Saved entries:

(* Let $(G,c)$ be a W-state graph, let $X,X'$ be the vertex sets of the two connected components of $G_m=(V(G),E_m(G))$, and let $\{x,x'\}$ be a two-vertex cut of $G$ with $x\in X$ and $x'\in X'$. Let $C_1,\dots,C_t$ be the connected components of $G-\{x,x'\}$. Then each W-block $(H_i,c_i)$, $i\in\{1,\dots,t\}$, of $(G,c)$ with respect to $\{x,x'\}$ is a W-state graph.
   Context: Graphs may have parallel edges but no loops. A half-edge $2$-colouring $c$ of $G$ assigns to each pair $(e,w)$ with $w$ an endpoint of edge $e$ a colour in $\{0,1\}$ (0 = blue, 1 = red). An edge $e=uv$ is bichromatic if $c(e,u)\neq c(e,v)$ and monochromatic otherwise; $E_m(G)$ is the set of monochromatic edges; standing convention: monochromatic edges are blue at both ends. A graph is matching-covered if every edge lies in some perfect matching. A W-state graph is a half-edge $2$-coloured matching-covered graph $(G,c)$ in which every perfect matching contains exactly one bichromatic edge, and every vertex $v$ is incident with an edge $e$ with $c(e,v)=1$. For any W-state graph, $G_m$ has exactly two connected components. W-blocks: for each $i$, start from $H_i:=G[V(C_i)\cup\{x,x'\}]$ (induced subgraph, keeping all parallel edges) with colouring $c_i$ agreeing with $c$ on its edges, and modify as follows. (1) If $x$ is not incident in $H_i$ with an edge whose half at $x$ is red, add a new bichromatic edge between $x$ and $x'$ whose red half is at $x$; likewise, if $x'$ is not incident in $H_i$ with an edge whose half at $x'$ is red, add a new bichromatic edge between $x$ and $x'$ whose red half is at $x'$. (2) If after this $H_i$ still contains no bichromatic edge between $x$ and $x'$, add a new bichromatic edge between $x$ and $x'$ (with the red half at either endpoint). The resulting $(H_i,c_i)$ are the W-blocks. *)

theory Defs
  imports Main
begin

text \<open>A finite multigraph (parallel edges allowed, no loops): vertex set V, edge set E of
  edge identifiers, and ends e = the two-element set of endpoints of edge e.
  A half-edge 2-colouring is c :: 'e => 'v => bool, where c e w is the colour of the half of e
  at its endpoint w; True = 1 = red, False = 0 = blue.\<close>

definition multigraph :: "'v set \<Rightarrow> 'e set \<Rightarrow> ('e \<Rightarrow> 'v set) \<Rightarrow> bool" where
  "multigraph V E ends \<longleftrightarrow> finite V \<and> finite E \<and>
     (\<forall>e\<in>E. ends e \<subseteq> V \<and> card (ends e) = 2)"

definition bichromatic :: "('e \<Rightarrow> 'v set) \<Rightarrow> ('e \<Rightarrow> 'v \<Rightarrow> bool) \<Rightarrow> 'e \<Rightarrow> bool" where
  "bichromatic ends c e \<longleftrightarrow> (\<exists>u v. ends e = {u, v} \<and> c e u \<noteq> c e v)"

definition perfect_matching :: "'v set \<Rightarrow> 'e set \<Rightarrow> ('e \<Rightarrow> 'v set) \<Rightarrow> 'e set \<Rightarrow> bool" where
  "perfect_matching V E ends M \<longleftrightarrow> M \<subseteq> E \<and> (\<forall>v\<in>V. \<exists>!e. e \<in> M \<and> v \<in> ends e)"

definition matching_covered :: "'v set \<Rightarrow> 'e set \<Rightarrow> ('e \<Rightarrow> 'v set) \<Rightarrow> bool" where
  "matching_covered V E ends \<longleftrightarrow> multigraph V E ends \<and>
     (\<forall>e\<in>E. \<exists>M. perfect_matching V E ends M \<and> e \<in> M)"

text \<open>W-state graph. The standing convention (monochromatic edges are blue at both ends)
  is included as part of the notion of a half-edge 2-coloured graph.\<close>
definition W_state :: "'v set \<Rightarrow> 'e set \<Rightarrow> ('e \<Rightarrow> 'v set) \<Rightarrow> ('e \<Rightarrow> 'v \<Rightarrow> bool) \<Rightarrow> bool" where
  "W_state V E ends c \<longleftrightarrow>
     matching_covered V E ends \<and>
     (\<forall>e\<in>E. \<not> bichromatic ends c e \<longrightarrow> (\<forall>w\<in>ends e. \<not> c e w)) \<and>
     (\<forall>M. perfect_matching V E ends M \<longrightarrow> card {e \<in> M. bichromatic ends c e} = 1) \<and>
     (\<forall>v\<in>V. \<exists>e\<in>E. v \<in> ends e \<and> c e v)"

definition reach :: "'v set \<Rightarrow> 'e set \<Rightarrow> ('e \<Rightarrow> 'v set) \<Rightarrow> 'v \<Rightarrow> 'v \<Rightarrow> bool" where
  "reach W F ends = (\<lambda>u v. u \<in> W \<and> v \<in> W \<and> (\<exists>e\<in>F. ends e = {u, v}))\<^sup>*\<^sup>*"

definition component :: "'v set \<Rightarrow> 'e set \<Rightarrow> ('e \<Rightarrow> 'v set) \<Rightarrow> 'v set \<Rightarrow> bool" where
  "component W F ends K \<longleftrightarrow> (\<exists>u\<in>W. K = {v \<in> W. reach W F ends u v})"

definition mono_edges :: "'e set \<Rightarrow> ('e \<Rightarrow> 'v set) \<Rightarrow> ('e \<Rightarrow> 'v \<Rightarrow> bool) \<Rightarrow> 'e set" where
  "mono_edges E ends c = {e \<in> E. \<not> bichromatic ends c e}"

definition del_verts_E :: "'e set \<Rightarrow> ('e \<Rightarrow> 'v set) \<Rightarrow> 'v set \<Rightarrow> 'e set" where
  "del_verts_E E ends S = {e \<in> E. ends e \<inter> S = {}}"

definition two_vertex_cut :: "'v set \<Rightarrow> 'e set \<Rightarrow> ('e \<Rightarrow> 'v set) \<Rightarrow> 'v \<Rightarrow> 'v \<Rightarrow> bool" where
  "two_vertex_cut V E ends x x' \<longleftrightarrow> x \<in> V \<and> x' \<in> V \<and> x \<noteq> x' \<and>
     (\<exists>u\<in>V - {x, x'}. \<exists>w\<in>V - {x, x'}.
        \<not> reach (V - {x, x'}) (del_verts_E E ends {x, x'}) ends u w)"

text \<open>Edges of the block have type 'e + nat: Inl e are the edges of the induced subgraph,
  Inr 0, Inr 1, Inr 2 are the possibly added new x x' edges of steps (1) and (2).
  The flag r selects the endpoint of the red half of the edge added in step (2):
  r = True means red at x, r = False means red at x'.\<close>

definition wblock_V :: "'v set \<Rightarrow> 'v \<Rightarrow> 'v \<Rightarrow> 'v set" where
  "wblock_V C x x' = C \<union> {x, x'}"

definition wblock_ends :: "('e \<Rightarrow> 'v set) \<Rightarrow> 'v \<Rightarrow> 'v \<Rightarrow> 'e + nat \<Rightarrow> 'v set" where
  "wblock_ends ends x x' f = (case f of Inl e \<Rightarrow> ends e | Inr _ \<Rightarrow> {x, x'})"

definition wblock_col :: "('e \<Rightarrow> 'v \<Rightarrow> bool) \<Rightarrow> 'v \<Rightarrow> 'v \<Rightarrow> bool \<Rightarrow> 'e + nat \<Rightarrow> 'v \<Rightarrow> bool" where
  "wblock_col c x x' r f w = (case f of
      Inl e \<Rightarrow> c e w
    | Inr n \<Rightarrow> (if n = 0 then w = x else if n = 1 then w = x'
               else (if r then w = x else w = x')))"

definition wblock_E0 :: "'e set \<Rightarrow> ('e \<Rightarrow> 'v set) \<Rightarrow> 'v set \<Rightarrow> 'v \<Rightarrow> 'v \<Rightarrow> ('e + nat) set" where
  "wblock_E0 E ends C x x' = Inl ` {e \<in> E. ends e \<subseteq> wblock_V C x x'}"

definition wblock_E1 :: "'e set \<Rightarrow> ('e \<Rightarrow> 'v set) \<Rightarrow> ('e \<Rightarrow> 'v \<Rightarrow> bool) \<Rightarrow> 'v set \<Rightarrow> 'v \<Rightarrow> 'v
    \<Rightarrow> ('e + nat) set" where
  "wblock_E1 E ends c C x x' =
     (let E0 = wblock_E0 E ends C x x';
          ends' = wblock_ends ends x x'; c' = wblock_col c x x' True;
          redx = (\<exists>f\<in>E0. x \<in> ends' f \<and> c' f x);
          redx' = (\<exists>f\<in>E0. x' \<in> ends' f \<and> c' f x')
      in E0 \<union> (if redx then {} else {Inr 0}) \<union> (if redx' then {} else {Inr 1}))"

definition wblock_E :: "'e set \<Rightarrow> ('e \<Rightarrow> 'v set) \<Rightarrow> ('e \<Rightarrow> 'v \<Rightarrow> bool) \<Rightarrow> 'v set \<Rightarrow> 'v \<Rightarrow> 'v \<Rightarrow> bool
    \<Rightarrow> ('e + nat) set" where
  "wblock_E E ends c C x x' r =
     (let E1 = wblock_E1 E ends c C x x';
          ends' = wblock_ends ends x x'; c' = wblock_col c x x' r
      in E1 \<union> (if (\<exists>f\<in>E1. ends' f = {x, x'} \<and> bichromatic ends' c' f) then {} else {Inr 2}))"

end

theory Submission
  imports Defs
begin

(* Let X be the monochromatic component containing x. Monochromatic edges never leave X, so
   for a perfect matching with bichromatic edge b, |X| and |X \<inter> b| have the same parity.
   If |X| were even, no edge would cross X, and perfect matchings through the red half-edges at
   a vertex inside and at a vertex outside X would glue to one with two bichromatic edges. So
   |X| is odd, every bichromatic edge has exactly one end in X, and any matching P covering a
   vertex set U satisfies |X \<inter> U| + #(bichromatic edges of P) = 0 mod 2.

   Applied to the edges of a perfect matching of G that meet C (using the red half-edges at x
   and x'), this shows that |X \<inter> C| and |C| are even and that these edges cover exactly C or
   exactly C \<union> {x, x'}; the first case occurs for a perfect matching through the red
   half-edge at a vertex beyond the cut. A perfect matching of a W-block is a perfect matching
   of C plus an x x'-edge, or a perfect matching of C \<union> {x, x'} by edges of G. Exchanging it
   into a perfect matching of G of the corresponding kind leaves at most one bichromatic edge,
   and parity then gives exactly none inside C, respectively exactly one; x x'-edges are
   bichromatic as x \<in> X and x' \<notin> X. *)

section \<open>Perfect matchings of vertex sets\<close>

definition perfect_matching_on :: "'v set \<Rightarrow> ('e \<Rightarrow> 'v set) \<Rightarrow> 'e set \<Rightarrow> bool" where
  "perfect_matching_on W ends M \<longleftrightarrow>
     (\<forall>e\<in>M. ends e \<subseteq> W) \<and> (\<forall>v\<in>W. \<exists>!e. e \<in> M \<and> v \<in> ends e)"

lemma perfect_matching_on_alt:
  "perfect_matching_on W ends M \<longleftrightarrow>
     (\<forall>e\<in>M. ends e \<subseteq> W) \<and> (\<forall>v\<in>W. \<exists>e\<in>M. v \<in> ends e) \<and>
     (\<forall>e\<in>M. \<forall>e'\<in>M. \<forall>v. v \<in> ends e \<longrightarrow> v \<in> ends e' \<longrightarrow> e = e')"
  unfolding perfect_matching_on_def by blast

lemma perfect_matching_onI:
  assumes "\<And>e. e \<in> M \<Longrightarrow> ends e \<subseteq> W"
    and "\<And>v. v \<in> W \<Longrightarrow> \<exists>e\<in>M. v \<in> ends e"
    and "\<And>e e' v. e \<in> M \<Longrightarrow> e' \<in> M \<Longrightarrow> v \<in> ends e \<Longrightarrow> v \<in> ends e' \<Longrightarrow> e = e'"
  shows "perfect_matching_on W ends M"
  unfolding perfect_matching_on_alt using assms by blast

lemma perfect_matching_on_ends_subset:
  "perfect_matching_on W ends M \<Longrightarrow> e \<in> M \<Longrightarrow> ends e \<subseteq> W"
  unfolding perfect_matching_on_alt by blast

lemma perfect_matching_on_covers:
  "perfect_matching_on W ends M \<Longrightarrow> v \<in> W \<Longrightarrow> \<exists>e\<in>M. v \<in> ends e"
  unfolding perfect_matching_on_alt by blast

lemma perfect_matching_on_unique:
  "perfect_matching_on W ends M \<Longrightarrow> e \<in> M \<Longrightarrow> e' \<in> M \<Longrightarrow> v \<in> ends e \<Longrightarrow> v \<in> ends e'
    \<Longrightarrow> e = e'"
  unfolding perfect_matching_on_alt by blast

lemma perfect_matching_on_Union:
  "perfect_matching_on W ends M \<Longrightarrow> \<Union>(ends ` M) = W"
  unfolding perfect_matching_on_alt by blast

lemma perfect_matching_on_singleton: "perfect_matching_on (ends e) ends {e}"
  by (rule perfect_matching_onI) auto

*Exercise objective*. Could you restate, word for word, the lines above from the one with "(\<forall>e\<in>E. ends e" to the one with "bool) \<Rightarrow> 'e \<Rightarrow>", both included?

*Exercise response*.
     (\<forall>e\<in>E. ends e \<subseteq> V \<and> card (ends e) = 2)"

definition bichromatic :: "('e \<Rightarrow> 'v set) \<Rightarrow> ('e \<Rightarrow> 'v \<Rightarrow> bool) \<Rightarrow> 'e \<Rightarrow> bool" where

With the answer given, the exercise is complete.